まず続く2.2では構造主義から開発国家的見解に至るまでの主な主張とそれに応じた産業戦略を敷衍する。2.3では、新古典派以降の新しいアプローチについてその主張と中心課題について説明される。すなわち、コーディネーション問題と新ケインズ主義のいう複数均衡、そしてさらにそこでどのように政府の役割が期待されているか、という点についてである。最後に2.4において、従来の産業化に関わる理解及びその基盤について、さらに今後の議論の基盤についてまとめを試みる。

  1. 構造主義〜機能的アプローチ

・構造主義

1940年代後半から1960年代前半にかけての初期開発経済学を支配したのは、「構造主義」である。途上国の発展を阻んでいる主要な要因は供給サイドの硬直性であるという認識と、先進工業国の経済構造と発展途上国の構造とは「異質」であり、その異質性が先進国と発展途上国の経済格差の源泉であるという考えである。構造主義は供給制約論、後期工業化論、輸出ペシミズム論、市場の失敗論という諸仮説を軸にさまざまな壮大な開発理論が構築された。

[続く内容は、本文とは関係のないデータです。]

lemma qadj_parent_child_iff:
  assumes "i \<le> h" "j \<le> h - 2"
  shows "qadj (length parent) (fill parent i) (fill child j) \<longleftrightarrow> i \<noteq> Suc r \<and> j = match i"
  using assms
  by (simp add: qadj_iff_hamming length_child hamming_parent_child hamming_fill
      count_Star_parent match_def) arith

lemma fill_parent_ne_child: "fill parent i \<noteq> fill child j"
proof
  assume "fill parent i = fill child j"
  then have "hamming (fill parent i) (fill child j) = 0"
    by simp
  then show False
    unfolding hamming_parent_child by (cases "r < i") simp_all
qed

lemma fill_child_notin_parent_vertices: "fill child j \<notin> chain_vertices parent k"
  using fill_parent_ne_child by (auto simp: chain_vertices_def) metis

lemma fill_parent_notin_child_vertices: "fill parent i \<notin> chain_vertices child k"
  using fill_parent_ne_child by (auto simp: chain_vertices_def)

lemma chain_vertices_disjoint: "chain_vertices parent k \<inter> chain_vertices child k' = {}"
  using fill_parent_notin_child_vertices by (auto simp: chain_vertices_def)

lemma flips_parent_edge_first:
  "flips (length p) {fill parent i, fill parent (Suc i)} \<longleftrightarrow> i = r"
  by (auto simp: flips_doubleton fill_parent nth_append)

lemma flips_parent_edge_second:
  "flips (Suc (length p + length m)) {fill parent i, fill parent (Suc i)} \<longleftrightarrow> i = Suc r"
  by (auto simp: flips_doubleton fill_parent nth_append)

abbreviation flipping_cycle :: "bool list set set \<Rightarrow> bool" where
  "flipping_cycle E \<equiv> flipping (length parent) parent h child (h - 2) E"

definition flip_indices :: "nat set" where
  "flip_indices = {..<h} - {r, Suc r}"

definition flip_cycle :: "nat \<Rightarrow> bool list set set" where
  "flip_cycle i =
     {{fill parent i, fill parent (Suc i)}, {fill parent (Suc i), fill child (Suc (match i))},
      {fill child (Suc (match i)), fill child (match i)}, {fill child (match i), fill parent i}}"

lemma card_flip_indices: "card flip_indices = h - 2"
  using count_Star_parent by (simp add: flip_indices_def card_Diff_subset)

lemma match_flip_index:
  "i \<in> flip_indices \<Longrightarrow> match i < h - 2 \<and> match (Suc i) = Suc (match i)"
  using count_Star_parent by (auto simp: flip_indices_def match_def)

lemma inj_on_match: "inj_on match flip_indices"
  by (auto simp: inj_on_def flip_indices_def match_def split: if_splits)

lemma flip_cycle_inter_parent:
  assumes "i \<in> flip_indices"
  shows "flip_cycle i \<inter> chain_edges parent h = {{fill parent i, fill parent (Suc i)}}"
proof -
  have "{fill parent i, fill parent (Suc i)} \<in> chain_edges parent h"
    using assms by (auto simp: flip_indices_def chain_edges_def)
  moreover have "e \<notin> chain_edges parent h" if "fill child j \<in> e" for e j
    using that chain_edge_subset_vertices[of e parent h] fill_child_notin_parent_vertices[of j h]
    by blast
  moreover have "e = {fill parent i, fill parent (Suc i)} \<or> (\<exists>j. fill child j \<in> e)"
    if "e \<in> flip_cycle i" for e
    using that unfolding flip_cycle_def by auto
  moreover have "{fill parent i, fill parent (Suc i)} \<in> flip_cycle i"
    by (simp add: flip_cycle_def)
  ultimately show ?thesis
    by blast
qed

lemma flip_cycle_inter_child:
  assumes "i \<in> flip_indices"
  shows "flip_cycle i \<inter> chain_edges child (h - 2) =
    {{fill child (match i), fill child (Suc (match i))}}"
proof -
  have "{fill child (match i), fill child (Suc (match i))} \<in> chain_edges child (h - 2)"
    using match_flip_index[OF assms] by (auto simp: chain_edges_def)
  moreover have "e \<notin> chain_edges child (h - 2)" if "fill parent j \<in> e" for e j
    using that chain_edge_subset_vertices[of e child "h - 2"]
      fill_parent_notin_child_vertices[of j "h - 2"]
    by blast
  moreover have "e = {fill child (match i), fill child (Suc (match i))} \<or> (\<exists>j. fill parent j \<in> e)"
    if "e \<in> flip_cycle i" for e
    using that unfolding flip_cycle_def by (auto simp: insert_commute)
  moreover have "{fill child (match i), fill child (Suc (match i))} \<in> flip_cycle i"
    by (simp add: flip_cycle_def insert_commute)
  ultimately show ?thesis
    by blast
qed

lemma flipping_flip_cycle:
  assumes "i \<in> flip_indices"
  shows "flipping_cycle (flip_cycle i)"
proof -
  have i: "i < h" "i \<noteq> r" "i \<noteq> Suc r"
    and j: "match i < h - 2" "match (Suc i) = Suc (match i)"
    using assms match_flip_index by (auto simp: flip_indices_def)
  note parent_edge = qadj_fill_Suc[OF i(1)] and child_edge = qadj_child_edge[OF j(1)]
  have rung: "qadj (length parent) (fill parent i) (fill child (match i))"
    "qadj (length parent) (fill parent (Suc i)) (fill child (Suc (match i)))"
    using qadj_parent_child_iff[of i "match i"] qadj_parent_child_iff[of "Suc i" "Suc (match i)"]
      i j by auto
  have "distinct [fill parent i, fill parent (Suc i), fill child (Suc (match i)), fill child (match i)]"
    using qadj_ne[OF parent_edge] qadj_ne[OF child_edge] fill_parent_ne_child by auto
  then have "cycle4 (length parent) (flip_cycle i)"
    unfolding flip_cycle_def
    using parent_edge child_edge rung by (intro cycle4I) (simp_all add: qadj_sym)
  then show ?thesis
    using chain_vertices_disjoint flip_cycle_inter_parent[OF assms] flip_cycle_inter_child[OF assms]
    by (simp add: flipping_def)
qed

lemma flipping_rung:
  assumes "cycle4 (length parent) E"
    and "{fill parent i, fill parent i'} \<in> E" "fill parent i \<noteq> fill parent i'" "i \<le> h"
    and "{fill child j, fill child (Suc j)} \<in> E" "j < h - 2"
  shows "i \<noteq> Suc r \<and> match i \<in> {j, Suc j} \<and> {fill parent i, fill child (match i)} \<in> E"
proof -
  have "distinct [fill parent i, fill parent i', fill child j, fill child (Suc j)]"
    using assms(3) qadj_ne[OF qadj_child_edge[OF assms(6)]] fill_parent_ne_child by auto
  then obtain j' where j': "j' \<in> {j, Suc j}" "{fill parent i, fill child j'} \<in> E"
    using cycle4_opposite_edges[OF assms(1,2,5)] by auto
  moreover have "j' \<le> h - 2"
    using j'(1) assms(6) by auto
  ultimately have "i \<noteq> Suc r \<and> j' = match i"
    using cycle4_edge_qadj[OF assms(1)] qadj_parent_child_iff[OF assms(4)] by blast
  then show ?thesis
    using j' by auto
qed

lemma flipping_cycle_cases:
  assumes "flipping_cycle E"
  obtains i where "i \<in> flip_indices" "E = flip_cycle i"
proof -
  have cycle: "cycle4 (length parent) E"
    and "card (E \<inter> chain_edges parent h) = 1" "card (E \<inter> chain_edges child (h - 2)) = 1"
    using assms by (auto simp: flipping_def)
  then obtain e e' where "e \<in> E \<inter> chain_edges parent h" "e' \<in> E \<inter> chain_edges child (h - 2)"
    by (metis card_1_singletonE insertI1)
  then obtain i j where i: "i < h" "{fill parent i, fill parent (Suc i)} \<in> E"
    and j: "j < h - 2" "{fill child j, fill child (Suc j)} \<in> E"
    by (auto simp: chain_edges_def)
  have parent_edge_ne: "fill parent i \<noteq> fill parent (Suc i)"
    using qadj_ne[OF qadj_fill_Suc[OF i(1)]] .
  have parent_edge': "{fill parent (Suc i), fill parent i} \<in> E"
    using i(2) by (simp add: insert_commute)
  have rung0: "i \<noteq> Suc r \<and> match i \<in> {j, Suc j} \<and> {fill parent i, fill child (match i)} \<in> E"
    using flipping_rung[OF cycle i(2) parent_edge_ne _ j(2,1)] i(1) by simp
  have rung1: "Suc i \<noteq> Suc r \<and> match (Suc i) \<in> {j, Suc j}
      \<and> {fill parent (Suc i), fill child (match (Suc i))} \<in> E"
    using flipping_rung[OF cycle parent_edge' parent_edge_ne[symmetric] _ j(2,1)] i(1) by simp
  have i_flip: "i \<in> flip_indices"
    using i(1) rung0 rung1 by (simp add: flip_indices_def)
  then have "match i = j"
    using rung0 rung1 match_flip_index by auto
  then have "{fill parent (Suc i), fill child (Suc (match i))} \<in> E"
    "{fill child (Suc (match i)), fill child (match i)} \<in> E"
    "{fill child (match i), fill parent i} \<in> E"
    using rung0 rung1 j(2) match_flip_index[OF i_flip] by (simp_all add: insert_commute)
  then have "flip_cycle i \<subseteq> E"
    using i(2) by (simp add: flip_cycle_def)
  moreover have "distinct [fill parent i, fill parent (Suc i), fill child (Suc (match i)), fill child (match i)]"
    using parent_edge_ne qadj_ne[OF qadj_child_edge[OF j(1)]] fill_parent_ne_child \<open>match i = j\<close> by auto
  ultimately have "E = flip_cycle i"
    unfolding flip_cycle_def by (rule cycle4_eqI[OF cycle, rotated])
  with i_flip show ?thesis
    by (rule that)
qed

lemma flipping_cycles_eq_image: "{E. flipping_cycle E} = flip_cycle ` flip_indices"
  using flipping_flip_cycle flipping_cycle_cases by blast

lemma inj_on_flip_cycle_inter_parent:
  "inj_on (\<lambda>i. flip_cycle i \<inter> chain_edges parent h) flip_indices"
proof (rule inj_onI)
  fix i i' assume "i \<in> flip_indices" "i' \<in> flip_indices"
    and "flip_cycle i \<inter> chain_edges parent h = flip_cycle i' \<inter> chain_edges parent h"
  then show "i = i'"
    using chain_edge_inj[of i parent i'] flip_cycle_inter_parent
    by (simp add: flip_indices_def)
qed

lemma inj_on_flip_cycle_inter_child:
  "inj_on (\<lambda>i. flip_cycle i \<inter> chain_edges child (h - 2)) flip_indices"
proof (rule inj_onI)
  fix i i' assume i: "i \<in> flip_indices" "i' \<in> flip_indices"
    and "flip_cycle i \<inter> chain_edges child (h - 2) = flip_cycle i' \<inter> chain_edges child (h - 2)"
  then have "match i = match i'"
    using chain_edge_inj[of "match i" child "match i'"] flip_cycle_inter_child match_flip_index
    by (simp add: count_Star_child)
  then show "i = i'"
    using inj_on_match i by (auto dest: inj_onD)
qed

lemma inj_on_flipping_cycles_inter_parent:
  "inj_on (\<lambda>E. E \<inter> chain_edges parent h) {E. flipping_cycle E}"
  unfolding flipping_cycles_eq_image
  using inj_on_flip_cycle_inter_parent by (intro inj_on_imageI) (simp add: comp_def)

lemma inj_on_flipping_cycles_inter_child:
  "inj_on (\<lambda>E. E \<inter> chain_edges child (h - 2)) {E. flipping_cycle E}"
  unfolding flipping_cycles_eq_image
  using inj_on_flip_cycle_inter_child by (intro inj_on_imageI) (simp add: comp_def)

lemma finite_flipping_cycles: "finite {E. flipping_cycle E}"
  by (simp add: flipping_cycles_eq_image flip_indices_def)

lemma card_flipping_cycles: "card {E. flipping_cycle E} = h - 2"
proof -
  have "inj_on flip_cycle flip_indices"
    using inj_on_flip_cycle_inter_parent by (rule inj_on_imageI2[unfolded comp_def])
  then show ?thesis
    by (simp add: flipping_cycles_eq_image card_image card_flip_indices)
qed

lemma Union_flipping_cycles_inter_parent:
  "(\<Union>E\<in>{E. flipping_cycle E}. E \<inter> chain_edges parent h) =
     {e \<in> chain_edges parent h. \<not> flips (length p) e \<and> \<not> flips (Suc (length p + length m)) e}"
proof -
  have "(\<Union>E\<in>{E. flipping_cycle E}. E \<inter> chain_edges parent h) =
      (\<Union>i\<in>flip_indices. {{fill parent i, fill parent (Suc i)}})"
    unfolding flipping_cycles_eq_image image_image
    by (rule SUP_cong[OF refl], rule flip_cycle_inter_parent)
  also have "\<dots> = {e \<in> chain_edges parent h.
      \<not> flips (length p) e \<and> \<not> flips (Suc (length p + length m)) e}"
    by (auto simp: flip_indices_def chain_edges_def flips_parent_edge_first
        flips_parent_edge_second)
  finally show ?thesis .
qed

end

theorem lemma12:
  fixes n h a b :: nat and C C' :: "sym list"
  assumes "gk_chain n h C"
    and "child_at C a b C'"
  shows "finite {E. flipping n C h C' (h - 2) E}
    \<and> card {E. flipping n C h C' (h - 2) E} = h - 2
    \<and> (\<forall>E1 E2. flipping n C h C' (h - 2) E1 \<and> flipping n C h C' (h - 2) E2 \<and> E1 \<noteq> E2 \<longrightarrow>
         E1 \<inter> chain_edges C h \<noteq> E2 \<inter> chain_edges C h \<and>
         E1 \<inter> chain_edges C' (h - 2) \<noteq> E2 \<inter> chain_edges C' (h - 2))
    \<and> (\<Union>E\<in>{E. flipping n C h C' (h - 2) E}. E \<inter> chain_edges C h)
        = {e \<in> chain_edges C h. \<not> flips a e \<and> \<not> flips b e}"
proof -
  obtain p m s where split: "C = p @ Star # m @ Star # s" "C' = p @ Zero # m @ One # s"
    "Star \<notin> set m" "a = length p" "b = Suc (length p + length m)"
    using child_at_split[OF assms(2)] .
  interpret M: matched_stars p m s
    using split(3) by unfold_locales
  have C: "C = M.parent" "C' = M.child"
    by (simp_all add: split M.parent_def M.child_def)
  have hn: "h = M.h" "n = length M.parent"
    using assms(1) gk_chain_count_Star by (auto simp: C gk_chain_def)
  have "inj_on (\<lambda>E. E \<inter> chain_edges C h) {E. flipping n C h C' (h - 2) E}"
    "inj_on (\<lambda>E. E \<inter> chain_edges C' (h - 2)) {E. flipping n C h C' (h - 2) E}"
    unfolding C hn
    by (fact M.inj_on_flipping_cycles_inter_parent M.inj_on_flipping_cycles_inter_child)+
  then show ?thesis
    using M.finite_flipping_cycles M.card_flipping_cycles M.Union_flipping_cycles_inter_parent
    unfolding C hn split(4,5) by (blast dest: inj_onD)
qed

end
(* Let $\pi:P\to M$ be a principal fibre bundle with group $G=P^{-1}P$, in the setting described in the context. For a connection $\nabla$ in the groupoid $PP^{-1}$, define its connection form $\omega$ by $\omega(u,v):=u^{-1}\big(\nabla(\pi(u),\pi(v))\cdot v\big)\in G$ for neighbours $u\sim v$ in $P$; equivalently $u\cdot\omega(u,v)=\nabla(\pi(u),\pi(v))\cdot v$. Then the assignment $\nabla\mapsto\omega$ is a bijection between the set of connections $\nabla$ in $PP^{-1}$ and the set of $G$-valued 1-forms $\omega$ on $P$ satisfying the two conditions (i) $\omega(xg,y)=g^{-1}\omega(x,y)$ whenever $x\sim y$ in $P$ and $g\in G$ is such that also $xg\sim y$; (ii) $\omega(xg,yg)=g^{-1}\omega(x,y)g$ for all $x\sim y$ in $P$ and all $g\in G$.
   Context: Setting (all calculations may be done as in sets, the paper works internally in a left exact category). Let $\Phi$ be a groupoid whose object set contains a set $M$ and an object $*\notin M$. Let $P$ be the set of arrows of $\Phi$ with domain $*$ and codomain in $M$, and $\pi:P\to M$ the codomain map. The group $G=P^{-1}P:=\Phi( *,* )$ acts on $P$ from the right by precomposition ($x\cdot g=xg$); this action is free and transitive on each fibre $\pi^{-1}(a)$. For $x,z$ in the same fibre, $x^{-1}z\in G$ is the composite in $\Phi$. $PP^{-1}$ denotes the full subgroupoid of $\Phi$ on the objects $M$; its arrows $a\to b$ are the composites $yx^{-1}$ with $\pi(x)=a,\pi(y)=b$, and it acts on $P$ from the left by postcomposition. Composition is written right to left. Both $M$ and $P$ carry a reflexive symmetric "neighbour" relation $\sim$; $\pi$ preserves $\sim$; an infinitesimal $k$-simplex is a $(k+1)$-tuple of mutual neighbours; for every infinitesimal $k$-simplex $(a_0,\dots,a_k)$ in $M$ and every $x_0\in\pi^{-1}(a_0)$ there is an infinitesimal $k$-simplex $(x_0,\dots,x_k)$ in $P$ with $\pi(x_i)=a_i$; and the right action of each $g\in G$ preserves $\sim$ on $P$. A connection in $PP^{-1}$ is a map assigning to each pair $a\sim b$ in $M$ an arrow $\nabla(a,b)$ of $PP^{-1}$ from $b$ to $a$, with $\nabla(a,a)=\mathrm{id}_a$ and $\nabla(b,a)=\nabla(a,b)^{-1}$ (a morphism of reflexive symmetric graphs from the neighbour relation on $M$ to $PP^{-1}$). A $G$-valued 1-form on $P$ is a map $\omega$ assigning to each pair $x\sim y$ in $P$ an element $\omega(x,y)\in G$, with $\omega(x,x)=e$ and $\omega(y,x)=\omega(x,y)^{-1}$. *)

theory Defs
  imports Main
begin

text \<open>A groupoid given by a set of objects Obj, a set of arrows Arr, domain and
codomain maps, composition (written right to left: cmp g f means g after f,
defined when dm g = cd f), identities and inverses.\<close>

definition groupoid ::
  "'o set \<Rightarrow> 'a set \<Rightarrow> ('a \<Rightarrow> 'o) \<Rightarrow> ('a \<Rightarrow> 'o) \<Rightarrow> ('a \<Rightarrow> 'a \<Rightarrow> 'a)
   \<Rightarrow> ('o \<Rightarrow> 'a) \<Rightarrow> ('a \<Rightarrow> 'a) \<Rightarrow> bool" where
  "groupoid Obj Arr dm cd cmp ide iv \<longleftrightarrow>
     (\<forall>f\<in>Arr. dm f \<in> Obj \<and> cd f \<in> Obj) \<and>
     (\<forall>f\<in>Arr. \<forall>g\<in>Arr. dm g = cd f \<longrightarrow>
        cmp g f \<in> Arr \<and> dm (cmp g f) = dm f \<and> cd (cmp g f) = cd g) \<and>
     (\<forall>f\<in>Arr. \<forall>g\<in>Arr. \<forall>h\<in>Arr. dm g = cd f \<longrightarrow> dm h = cd g \<longrightarrow>
        cmp h (cmp g f) = cmp (cmp h g) f) \<and>
     (\<forall>a\<in>Obj. ide a \<in> Arr \<and> dm (ide a) = a \<and> cd (ide a) = a) \<and>
     (\<forall>f\<in>Arr. cmp (ide (cd f)) f = f \<and> cmp f (ide (dm f)) = f) \<and>
     (\<forall>f\<in>Arr. iv f \<in> Arr \<and> dm (iv f) = cd f \<and> cd (iv f) = dm f \<and>
        cmp (iv f) f = ide (dm f) \<and> cmp f (iv f) = ide (cd f))"

text \<open>P: arrows from the base object s (the object *) to objects of M;
G = Phi(s,s).\<close>

definition bundleP :: "'a set \<Rightarrow> ('a \<Rightarrow> 'o) \<Rightarrow> ('a \<Rightarrow> 'o) \<Rightarrow> 'o set \<Rightarrow> 'o \<Rightarrow> 'a set" where
  "bundleP Arr dm cd M s = {x \<in> Arr. dm x = s \<and> cd x \<in> M}"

供給制約論とは、工業化にとって不可欠の財、とりわけ資本財の供給または輸入が外貨不足のため困難であり、発展が頓挫するという考えである。さらに成長の阻害要因として経営者の欠如、インフラの欠如、近代的な法体系や政治制度の欠如、勤労倫理の欠如などがあげられる。産業化に必要と思われる多くの要因が供給され得ないために、具体的な供給のみならず、要素供給も構造的に発展しないと考えられたのである。これはヌルクセの「貧困の悪循環」に端的に見ることができる。つまり、「実質所得の低い途上国では人々の購買力は小さく、したがって投資要因が働かない。その結果資本形成が行われず、生産性は低いままにとどまり、ひるがえって実質所得は向上しない。一方供給面では、実質所得が低いために貯蓄能力が低くなり、充分な資本形成が行われない。その結果低生産性状態から抜け出すことができず、実質所得は低いままにとどまってしまう」。これをヌルクセは「低水準均衡のわな」と呼んだ。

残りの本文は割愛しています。